Polymerase chain reaction (PCR) was used to amplify the GRIN1 fragment, including the 5′ flanking and untranslated regions. The nucleotide position of the target fragment amplified was from − 2334 to + 86 (with ATG + 1). Genomic DNA (1 μL, about 30 ng) was amplified under the following reaction contents: 1 μL (5 pmol) each of sense and antisense primers, 2 μL (3 nmol) of dNTP mix, 0.2 μL (about 0.5 U) of PrimeSTAR® HS DNA polymerase (Takara, Dalian, China) and 10 μL 2 × Prime STAR HS GC buffer. Sterilized deionized water was added to a volume of 20 μL. PCR cycling conditions were 94 °C for 1 min; 30 cycles at 98 °C for 10 s, at 60 °C for 5 s, and 72 °C for 2 min 30 s; and 72 °C for 10 min. PCR products were separated by 1% agarose gel electrophoresis.

DNA sequencing

DNA was sequenced using Sanger DNA sequencing (Taihe Biotechnology Co. Ltd. Beijing China). Primer information was shown in Table 1.

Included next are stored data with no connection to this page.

text \<open>
  For r' := 3^k r in [1/3, 1) both bounds follow from two estimates, each of the form
  Lam(B(S, r), r) ~ (4/3)^k with absolute constants; for k = 0 they bound Lam(B(S, r'), r')
  above and below by constants.

  Upper bound: gluing the four Koch images of a curve through the triangle spanned by S gives
  a curve whose Lipschitz constant grows by the factor 4/3. After k steps, starting from the
  boundary of the triangle, every point of S lies within sqrt 3 / 6 / 3^k of the curve, so its
  r-neighbourhood contains B(S, r), and its length is at most twice its Lipschitz constant.

  Lower bound: the interior of the triangle satisfies the open set condition, so the 4^n images
  of a fixed interior point under the words of length n lie in S and are 1/(10 * 3^n) apart.
  For n = k - 4, a curve whose r-neighbourhood contains B(S, r) passes within r of each of them,
  and a connected set that passes near many well separated points and is not too small has
  H^1 at least proportional to their number.
\<close>

section \<open>Gluing Lipschitz paths\<close>

definition concat4 :: "(nat \<Rightarrow> real \<Rightarrow> 'a) \<Rightarrow> real \<Rightarrow> 'a" where
  "concat4 g t =
    (if t \<le> 3/4 then (if t \<le> 1/2 then (if t \<le> 1/4 then g 0 (4*t) else g 1 (4*t-1)) else g 2 (4*t-2))
     else g 3 (4*t-3))"

lemma lipschitz_on_rescaled_piece:
  fixes h :: "real \<Rightarrow> 'a::metric_space"
  assumes "L-lipschitz_on {0..1} h"
  shows "(4*L)-lipschitz_on {c/4..(c+1)/4} (\<lambda>t. h (4*t - c))"
proof (rule lipschitz_onI)
  show "0 \<le> 4*L" using lipschitz_on_nonneg[OF assms] by simp
  fix x y assume "x \<in> {c/4..(c+1)/4}" "y \<in> {c/4..(c+1)/4}"
  then have "dist (h (4*x - c)) (h (4*y - c)) \<le> L * dist (4*x - c) (4*y - c)"
    by (intro lipschitz_onD[OF assms]) auto
  also have "dist (4*x - c) (4*y - c) = 4 * dist x y" by (simp add: dist_real_def abs_if)
  finally show "dist (h (4*x - c)) (h (4*y - c)) \<le> 4*L * dist x y" by simp
qed
(* Let $A\in\mathcal A_n$, let $T=\tau(A)$, and fix an integer $g\ge0$. Then $\operatorname{gldim}(A)\le g$ if and only if there are no two siblings $i<j$ in $T$ such that the subtree rooted at $i$ has depth at least $\lfloor g/2\rfloor$ and the subtree rooted at $j$ has depth at least $\lceil g/2\rceil$.
   Context: $\mathcal A_n$ is the set of ordered products $A=A_1\times\cdots\times A_k$ of connected linear Nakayama algebras (over an algebraically closed field) with $n$ simple modules in total; its Kupisch series $[c_0,\dots,c_{n-1}]$ is the concatenation of those of the factors, where a connected linear Nakayama algebra with $m$ simple modules has Kupisch series $[c_0,\dots,c_{m-1}]$, $c_i=\dim e_iA$, characterized by $c_{i+1}+1\ge c_i\ge2$ for $0\le i<m-1$ and $c_{m-1}=1$. The global dimension of $A$ is the maximum of those of its factors. $\tau(A)$ is the tree on $\{0,\dots,n\}$, rooted at $n$, in which the parent of $i$ is $i+c_i$ for $0\le i<n$. Siblings are distinct vertices with the same parent, compared by their labels. The depth of a subtree rooted at a vertex $v$ is the maximal number of edges on a path from $v$ down to a descendant of $v$. *)

theory Defs
  imports Main
begin

text \<open>Kupisch series of a connected linear Nakayama algebra with m simples:
  c_{m-1} = 1 and c_{i+1} + 1 \<ge> c_i \<ge> 2 for i < m-1.\<close>
definition kupisch_conn :: "nat list \<Rightarrow> bool" where
  "kupisch_conn c \<longleftrightarrow> c \<noteq> [] \<and> last c = 1 \<and>
     (\<forall>i. Suc i < length c \<longrightarrow> 2 \<le> c ! i \<and> c ! i \<le> c ! Suc i + 1)"

text \<open>An algebra in A_n is an ordered list of connected factors; its Kupisch series
  is the concatenation.\<close>
definition kupisch :: "nat list list \<Rightarrow> nat list" where
  "kupisch As = concat As"

text \<open>Projective dimension of the indecomposable module M(i,l) = e_i A / e_i J^l
  (top S_i, length l) over the Nakayama algebra with Kupisch series c.
  Its projective cover is e_i A (length c_i); if l < c_i its syzygy is
  e_i J^l = M(i+l, c_i - l), otherwise M is projective.\<close>
function pdim :: "nat list \<Rightarrow> nat \<Rightarrow> nat \<Rightarrow> nat" where
  "pdim c i l = (if i < length c \<and> 0 < l \<and> l < c ! i
                 then Suc (pdim c (i + l) (c ! i - l)) else 0)"
  by pat_completeness auto
termination
  by (relation "measure (\<lambda>(c, i, l). length c - i)") auto

text \<open>Global dimension of a connected linear Nakayama algebra: maximum of the
  projective dimensions of the simple modules S_i = M(i,1).\<close>
definition gldim_conn :: "nat list \<Rightarrow> nat" where
  "gldim_conn c = Max (insert 0 {pdim c i 1 | i. i < length c})"

definition gldim :: "nat list list \<Rightarrow> nat" where
  "gldim As = Max (insert 0 (gldim_conn ` set As))"

definition tau_parent :: "nat list \<Rightarrow> nat \<Rightarrow> nat" where
  "tau_parent c i = i + c ! i"

definition tau_edges :: "nat list \<Rightarrow> (nat \<times> nat) set" where
  "tau_edges c = {(i, tau_parent c i) | i. i < length c}"

definition siblings :: "nat list \<Rightarrow> nat \<Rightarrow> nat \<Rightarrow> bool" where
  "siblings c i j \<longleftrightarrow> i < length c \<and> j < length c \<and> i \<noteq> j \<and>
     tau_parent c i = tau_parent c j"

Table 1 Primers used for GRIN1 gene sequencing

Construction of pGL-3 recombinant vector

The target fragment located at − 2143 - + 222 (with ATG + 1) was amplified using a PrimerSTAR® kit (Takara, Dalian, China). The sense primer was 5’ GGCTAGCCTGAACATTTAGCGATCA 3′ and the antisense primer was 5’ CAGATCTGGCATTGAGCTGAATCTTC 3′. The primers contained NheI or BglII restriction endonuclease sites at the 5′ end. By using the pGM-T Ligation® Kit (TIANGEN, Beijing, China), PCR products purified from agarose gel were cloned into pGM-T vectors, and the recombinant vectors were subsequently transformed into JM109 competent cells. The pGM-T recombinant plasmids extracted by SanPrep® Column Enodotoxin-Free Plasmid Mini-Preps Kit (Sangon Biotech, Shanghai, China) were subjected to Sanger DNA sequencing to ensure correct insertion of the target fragment.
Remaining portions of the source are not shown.